[DATA FOR ANALYSIS Boundary: Start]

lemma lev_eq_Max:
  assumes "1 \<le> j"
  shows "lev R j = Max (insert 0 {Suc (lev R i) | i. i \<in> {1..j - 1} \<and> (i, j) \<in> R})"
proof -
  have levs_lev: "levs R m ! (i - 1) = lev R i" if "1 \<le> i" "i \<le> m" for i m
    using that levs_nth[of "i - 1" m R] by (simp add: lev_def)
  obtain m where m: "j = Suc m" using assms by (cases j) auto
  have "lev R j = Max (insert 0 {Suc (levs R m ! (i - 1)) | i. i \<in> {1..m} \<and> (i, Suc m) \<in> R})"
    by (simp add: lev_def m Let_def nth_append)
  also have "{Suc (levs R m ! (i - 1)) | i. i \<in> {1..m} \<and> (i, Suc m) \<in> R}
      = {Suc (lev R i) | i. i \<in> {1..j - 1} \<and> (i, j) \<in> R}"
    using levs_lev[of _ m] m by force
  finally show ?thesis .
qed

lemma lev_1: "lev R (Suc 0) = 0"
  by (simp add: lev_def)

locale unit_interval_order =
  fixes n :: nat and U :: "(nat \<times> nat) set" and x :: "nat \<Rightarrow> real"
  assumes mono: "\<And>i j. 1 \<le> i \<Longrightarrow> i \<le> j \<Longrightarrow> j \<le> n \<Longrightarrow> x i \<le> x j"
    and U_eq: "U = {(i, j). i \<in> {1..n} \<and> j \<in> {1..n} \<and> x i + 1 < x j}"

lemma unit_interval_orders_iff: "U \<in> unit_interval_orders n \<longleftrightarrow> (\<exists>x. unit_interval_order n U x)"
  unfolding unit_interval_orders_def unit_interval_order_def by blast

context unit_interval_order
begin

lemma U_iff: "(i, j) \<in> U \<longleftrightarrow> 1 \<le> i \<and> i \<le> n \<and> 1 \<le> j \<and> j \<le> n \<and> x i + 1 < x j"
  using U_eq by auto

lemma U_less: "(i, j) \<in> U \<Longrightarrow> i < j \<and> 1 \<le> i \<and> j \<le> n"
proof -
  assume "(i, j) \<in> U"
  then have "1 \<le> i" "i \<le> n" "1 \<le> j" "j \<le> n" "x i + 1 < x j" using U_iff by auto
  moreover have "j \<le> i \<Longrightarrow> x j \<le> x i" using mono calculation by blast
  ultimately show ?thesis by fastforce
qed

lemma U_mono_right: "(k, i) \<in> U \<Longrightarrow> i \<le> j \<Longrightarrow> j \<le> n \<Longrightarrow> (k, j) \<in> U"
  using U_iff mono[of i j] by fastforce

lemma U_mono_left: "(k', i) \<in> U \<Longrightarrow> 1 \<le> k \<Longrightarrow> k \<le> k' \<Longrightarrow> (k, i) \<in> U"
  using U_iff mono[of k k'] by fastforce

lemma finite_pred_levels: "finite {Suc (lev U i) | i. (i, j) \<in> U}"
proof -
  have "{i. (i, j) \<in> U} \<subseteq> {1..n}" using U_less by fastforce
  then have "finite {i. (i, j) \<in> U}" using finite_subset by blast
  then show ?thesis by (rule finite_image_set)
qed

lemma lev_eq: "1 \<le> j \<Longrightarrow> lev U j = Max (insert 0 {Suc (lev U i) | i. (i, j) \<in> U})"
proof -
  assume "1 \<le> j"
  moreover have "i \<in> {1..j - 1}" if "(i, j) \<in> U" for i
    using U_less[OF that] by auto
  then have "{Suc (lev U i) | i. i \<in> {1..j - 1} \<and> (i, j) \<in> U} = {Suc (lev U i) | i. (i, j) \<in> U}"
    by blast
  ultimately show ?thesis using lev_eq_Max[of j U] by simp
qed

lemma lev_less: "(k, j) \<in> U \<Longrightarrow> lev U k < lev U j"
proof -
  assume kj: "(k, j) \<in> U"
  then have "Suc (lev U k) \<le> Max (insert 0 {Suc (lev U i) | i. (i, j) \<in> U})"
    using finite_pred_levels[of j] by (intro Max_ge) auto
  then show ?thesis using lev_eq[of j] U_less[OF kj] by simp
qed

lemma lev_pred:
  assumes "1 \<le> j" "0 < lev U j"
  obtains k where "(k, j) \<in> U" "Suc (lev U k) = lev U j"
proof -
  let ?S = "insert 0 {Suc (lev U i) | i. (i, j) \<in> U}"
  have "Max ?S \<in> ?S" using finite_pred_levels by (intro Max_in) auto
  then show ?thesis using that assms lev_eq[OF assms(1)] by auto
qed

lemma lev_mono: "1 \<le> i \<Longrightarrow> i \<le> j \<Longrightarrow> j \<le> n \<Longrightarrow> lev U i \<le> lev U j"
proof -
  assume ij: "1 \<le> i" "i \<le> j" "j \<le> n"
  then have "insert 0 {Suc (lev U k) | k. (k, i) \<in> U} \<subseteq> insert 0 {Suc (lev U k) | k. (k, j) \<in> U}"
    using U_mono_right by blast
  then have "Max (insert 0 {Suc (lev U k) | k. (k, i) \<in> U}) \<le> Max (insert 0 {Suc (lev U k) | k. (k, j) \<in> U})"
    using finite_pred_levels by (intro Max_mono) auto
  then show ?thesis using lev_eq[of i] lev_eq[of j] ij by simp
qed

text \<open>Otherwise the chain \<open>j\<^sub>1 \<prec> j\<^sub>2 \<prec> j\<close> of level predecessors would give
  \<open>x j\<^sub>1 + 1 < x k\<close>, i.e.\ \<open>j\<^sub>1 \<prec> k\<close>, although \<open>lev k \<le> lev j\<^sub>1\<close>.\<close>

lemma U_if_lev_ge:
  assumes k: "1 \<le> k" "k \<le> n" and j: "1 \<le> j" "j \<le> n" and "lev U k + 2 \<le> lev U j"
  shows "(k, j) \<in> U"
proof (rule ccontr)
  assume "(k, j) \<notin> U"
  then have "x j \<le> x k + 1" using U_iff k j by auto
  have "0 < lev U j" using assms(5) by simp
  then obtain j2 where j2: "(j2, j) \<in> U" "Suc (lev U j2) = lev U j"
    using lev_pred[OF j(1)] by blast
  have "1 \<le> j2" "0 < lev U j2" using j2 U_less assms(5) by auto
  then obtain j1 where j1: "(j1, j2) \<in> U" "Suc (lev U j1) = lev U j2"
    using lev_pred by blast
  have "x j1 + 1 < x j2" "x j2 + 1 < x j" "1 \<le> j1" "j1 \<le> n"
    using j1(1) j2(1) U_iff by auto
  then have "(j1, k) \<in> U"
    using k \<open>x j \<le> x k + 1\<close> U_iff by auto
  then show False using lev_less[of j1 k] j1(2) j2(2) assms(5) by linarith
qed

end

section \<open>Canonical listings\<close>

lemma mem_Pw_iff:
  "(p, q) \<in> Pw w \<longleftrightarrow> p \<in> {1..length w} \<and> q \<in> {1..length w} \<and>
     (w ! (p - 1) + 2 \<le> w ! (q - 1) \<or> (w ! (q - 1) = Suc (w ! (p - 1)) \<and> p < q))"
  unfolding Pw_def by auto

definition canonical_listing :: "nat \<Rightarrow> (nat \<times> nat) set \<Rightarrow> nat list \<Rightarrow> bool" where
  "canonical_listing m R e \<longleftrightarrow> distinct e \<and> set e = {1..m} \<and> area_seq m (map (lev R) e)
     \<and> (\<forall>u v. precedes e u v \<longrightarrow> lev R u = lev R v \<longrightarrow> u < v)
     \<and> (\<forall>u\<in>set e. \<forall>v\<in>set e. lev R v = Suc (lev R u) \<longrightarrow> ((u, v) \<in> R \<longleftrightarrow> precedes e u v))"

lemma canonical_listingI:
  assumes "distinct e" "set e = {1..m}" "e \<noteq> [] \<Longrightarrow> lev R (hd e) = 0"
    "area_steps (map (lev R) e)"
    "\<And>u v. precedes e u v \<Longrightarrow> lev R u = lev R v \<Longrightarrow> u < v"
    "\<And>u v. u \<in> set e \<Longrightarrow> v \<in> set e \<Longrightarrow> lev R v = Suc (lev R u) \<Longrightarrow> (u, v) \<in> R \<longleftrightarrow> precedes e u v"
  shows "canonical_listing m R e"
proof -
  have "length e = m" using assms(1,2) distinct_card by fastforce
  then show ?thesis using assms unfolding canonical_listing_def area_seq_iff by (auto simp: hd_map)
qed

lemma canonical_listingD:
  assumes "canonical_listing m R e"
  shows "distinct e" "set e = {1..m}" "length e = m" "e \<noteq> [] \<Longrightarrow> lev R (hd e) = 0"
    "area_steps (map (lev R) e)"
    "precedes e u v \<Longrightarrow> lev R u = lev R v \<Longrightarrow> u < v"
    "u \<in> set e \<Longrightarrow> v \<in> set e \<Longrightarrow> lev R v = Suc (lev R u) \<Longrightarrow> (u, v) \<in> R \<longleftrightarrow> precedes e u v"
  using assms unfolding canonical_listing_def area_seq_iff by (auto simp: hd_map)

lemma canonical_listing_0: "canonical_listing 0 R []"
  by (rule canonical_listingI) simp_all

lemma canonical_listing_1: "canonical_listing 1 R [1]"
  by (rule canonical_listingI) (simp_all add: lev_def)

lemma canonical_listing_1_eq: "canonical_listing 1 R e \<Longrightarrow> e = [1]"
proof -
  assume c: "canonical_listing 1 R e"
  then have "length e = 1" "set e = {1}" using canonical_listingD(2,3)[OF c] by simp_all
  then show "e = [1]" by (cases e) auto
qed

definition q_insert_pos :: "nat \<Rightarrow> (nat \<times> nat) set \<Rightarrow> nat \<Rightarrow> nat list \<Rightarrow> nat" where
  "q_insert_pos n R i q = (let l = lev R i in
     if l = 0 then run_end 0 l q else run_end (after_occ (l - 1) (C_count n R i) q) l q)"

lemma q_step_Suc:
  fixes n :: nat and R :: "(nat \<times> nat) set"
  assumes "1 \<le> m"
  defines "q \<equiv> q_step n R m"
  shows "q_step n R (Suc m) = take (q_insert_pos n R (Suc m) q) q @ lev R (Suc m) # drop (q_insert_pos n R (Suc m) q) q"
proof -
  obtain k where "m = Suc k" using assms(1) by (cases m) auto
  then show ?thesis by (simp add: q_def q_insert_pos_def Let_def insert_after_run_eq)
qed

context unit_interval_order
begin

lemma U_iff_canonical:
  assumes c: "canonical_listing m U e" and "m \<le> n" "u \<in> set e" "v \<in> set e"
  shows "(u, v) \<in> U \<longleftrightarrow> lev U u + 2 \<le> lev U v \<or> (lev U v = Suc (lev U u) \<and> precedes e u v)"
proof -
  have uv: "1 \<le> u" "u \<le> n" "1 \<le> v" "v \<le> n" using assms canonical_listingD(2)[OF c] by auto
  consider "lev U u + 2 \<le> lev U v" | "lev U v = Suc (lev U u)" | "lev U v \<le> lev U u"
    by linarith
  then show ?thesis
  proof cases
    case 1
    then show ?thesis using U_if_lev_ge uv by simp
  next
    case 2
    then show ?thesis using canonical_listingD(7)[OF c] assms(3,4) by simp
  next
    case 3
    then show ?thesis using lev_less[of u v] by auto
  qed
qed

[DATA FOR ANALYSIS Boundary: End]

- PROBLEM DESCRIPTION
Wherever the string "times" appears in the entries, copy that line.

- SOLVED PROBLEM
  fixes n :: nat and U :: "(nat \<times> nat) set" and x :: "nat \<Rightarrow> real"
definition canonical_listing :: "nat \<Rightarrow> (nat \<times> nat) set \<Rightarrow> nat list \<Rightarrow> bool" where
definition q_insert_pos :: "nat \<Rightarrow> (nat \<times> nat) set \<Rightarrow> nat \<Rightarrow> nat list \<Rightarrow> nat" where
  fixes n :: nat and R :: "(nat \<times> nat) set"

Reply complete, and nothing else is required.